When the alert was triggered.

metadata dict[str, Any]

Additional context about the alert.

to_dict() ¤

Serialize to a JSON-compatible dictionary.

AlertManager(max_alerts=1000) ¤

Thread-safe alert storage with callback handlers.

Parameters:

Name Type Description Default
max_alerts int

Maximum number of alerts to retain (oldest dropped first).

1000

Initialize the alert manager.

add_alert_handler(handler) ¤

Register a callback invoked on each new alert.

Parameters:

Name Type Description Default
handler Callable[[Alert], None]

Callable that receives an Alert instance.

required

trigger_alert(message, severity, metric_name, metric_value, threshold, metadata=None) ¤

Create and store an alert, notifying all registered handlers.

Parameters:

Name Type Description Default
message str

Human-readable alert description.

required
severity AlertSeverity

Severity level.

required
metric_name str

Metric that triggered the alert.

required
metric_value float

Observed metric value.

required
threshold float

Threshold that was exceeded.

required
metadata dict[str, Any] | None

Optional additional context.

None

get_recent_alerts(count=10) ¤

Return the most recent alerts.

Parameters:

Name Type Description Default
count int

Maximum number of alerts to return.

10

Returns:

Type Description
list[Alert]

List of recent alerts, newest first.

get_alerts_by_severity(severity) ¤

Return all alerts matching the given severity.

Parameters:

Name Type Description Default
severity AlertSeverity

Severity level to filter by.

required

Returns:

Type Description
list[Alert]

List of matching alerts.

clear_alerts() ¤

Remove all stored alerts.

AdvancedMonitor(alert_manager=None, gpu_profiler=None, resource_monitor=None) ¤

Background resource monitor with threshold-based alerting.

Collects CPU, memory, and optional GPU metrics on a daemon thread.
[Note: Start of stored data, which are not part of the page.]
lemma packing_eqs_nth:
  assumes "packing_eqs p q g gb"
  shows "fps_nth (g 0) 0 = 1"
    and "i \<noteq> 0 \<Longrightarrow> fps_nth (g i) 0 = 0"
    and "fps_nth (g 0) (Suc 0) = 0"
    and "fps_nth (g 0) (Suc (Suc n)) = q * fps_nth (g 1) n + q * fps_nth (g 2) (Suc n)"
    and "fps_nth (g 1) (Suc n) = fps_nth (g 0) n + q * fps_nth (g 3) n"
    and "i \<ge> 2 \<Longrightarrow> fps_nth (g i) (Suc n) = p * fps_nth (g (i - 1)) n + q * fps_nth (g (i + 2)) n"
proof -
  have g0: "g 0 = 1 + fps_X * gb + fps_const q * fps_X * g 2"
    and gb: "gb = fps_const q * fps_X * g 1"
    and g1: "g 1 = fps_X * g 0 + fps_const q * fps_X * g 3"
    and gi: "\<And>i. i \<ge> 2 \<Longrightarrow> g i = fps_const p * fps_X * g (i - 1) + fps_const q * fps_X * g (i + 2)"
    using assms unfolding packing_eqs_def by blast+
  show gi_0: "fps_nth (g i) 0 = 0" if "i \<noteq> 0" for i
  proof (cases "i = 1")
    case True
    show ?thesis unfolding True by (subst g1) (simp add: mult.assoc)
  next
    case False
    with that have "i \<ge> 2" by simp
    then show ?thesis by (subst gi) (simp_all add: mult.assoc)
  qed
  show "fps_nth (g 0) 0 = 1"
    by (subst g0) (simp add: mult.assoc)
  show "fps_nth (g 0) (Suc 0) = 0"
    by (subst g0, subst gb) (simp add: mult.assoc gi_0)
  show "fps_nth (g 0) (Suc (Suc n)) = q * fps_nth (g 1) n + q * fps_nth (g 2) (Suc n)"
    by (subst g0, subst gb) (simp add: mult.assoc)
  show "fps_nth (g 1) (Suc n) = fps_nth (g 0) n + q * fps_nth (g 3) n"
    by (subst g1) (simp add: mult.assoc)
  show "i \<ge> 2 \<Longrightarrow> fps_nth (g i) (Suc n) = p * fps_nth (g (i - 1)) n + q * fps_nth (g (i + 2)) n"
    by (subst gi) (simp_all add: mult.assoc)
qed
Triggers alerts when thresholds are exceeded.

Parameters:

Name Type Description Default
alert_manager AlertManager | None

Alert manager for dispatching alerts. Created if not provided.

None
gpu_profiler GPUProfilerProtocol | None

Optional GPU profiler for GPU metrics.

None
resource_monitor ResourceMonitor | None

Optional ResourceMonitor for background sampling.

None

Initialize the monitor.

alert_manager property ¤

Access the underlying alert manager.

set_threshold(metric_name, threshold) ¤

Set an alerting threshold for a metric.

Parameters:

Name Type Description Default
metric_name str

Name of the metric to monitor.

required
threshold float

Value above which an alert is triggered.

required

start_monitoring(interval=5.0) ¤

Start background monitoring on a daemon thread.

Parameters:

Name Type Description Default
interval float

Seconds between metric collection cycles.

5.0

stop_monitoring() ¤

Stop background monitoring and wait for the thread to finish.

get_monitoring_summary() ¤

Return a summary of current monitoring state.

Returns:

Type Description
dict[str, Any]

Dictionary with thresholds, alert counts, and metric history summaries.

Production Monitor¤

calibrax.monitoring.production ¤

Production-grade monitoring with pipeline health tracking.

Extends AdvancedMonitor with performance baselines, pipeline execution tracking, and health report generation.

ProductionMonitor(**kwargs) ¤

Bases: AdvancedMonitor

Extended monitor with pipeline health tracking and performance baselines.

Tracks pipeline execution times, success rates, and detects performance degradation against configured baselines.

Initialize the production monitor.

set_performance_baseline(metric_name, baseline_value) ¤

Set a performance baseline for degradation detection.

Parameters:

Name Type Description Default
metric_name str

Metric to track against baseline.

required
baseline_value float

Expected baseline value.

required

record_pipeline_execution(pipeline_name, execution_time, success, metadata=None) ¤

Record a pipeline execution for health tracking.

Parameters:

Name Type Description Default
pipeline_name str

Name of the pipeline that executed.

required
execution_time float

Wall-clock execution time in seconds.

required
success bool

Whether the execution succeeded.

required
metadata dict[str, Any] | None

Optional additional context.

None

get_pipeline_health_report() ¤

Generate a health report across all tracked pipelines.

Returns:

Type Description
dict[str, Any]

Dictionary with per-pipeline statistics and overall health status.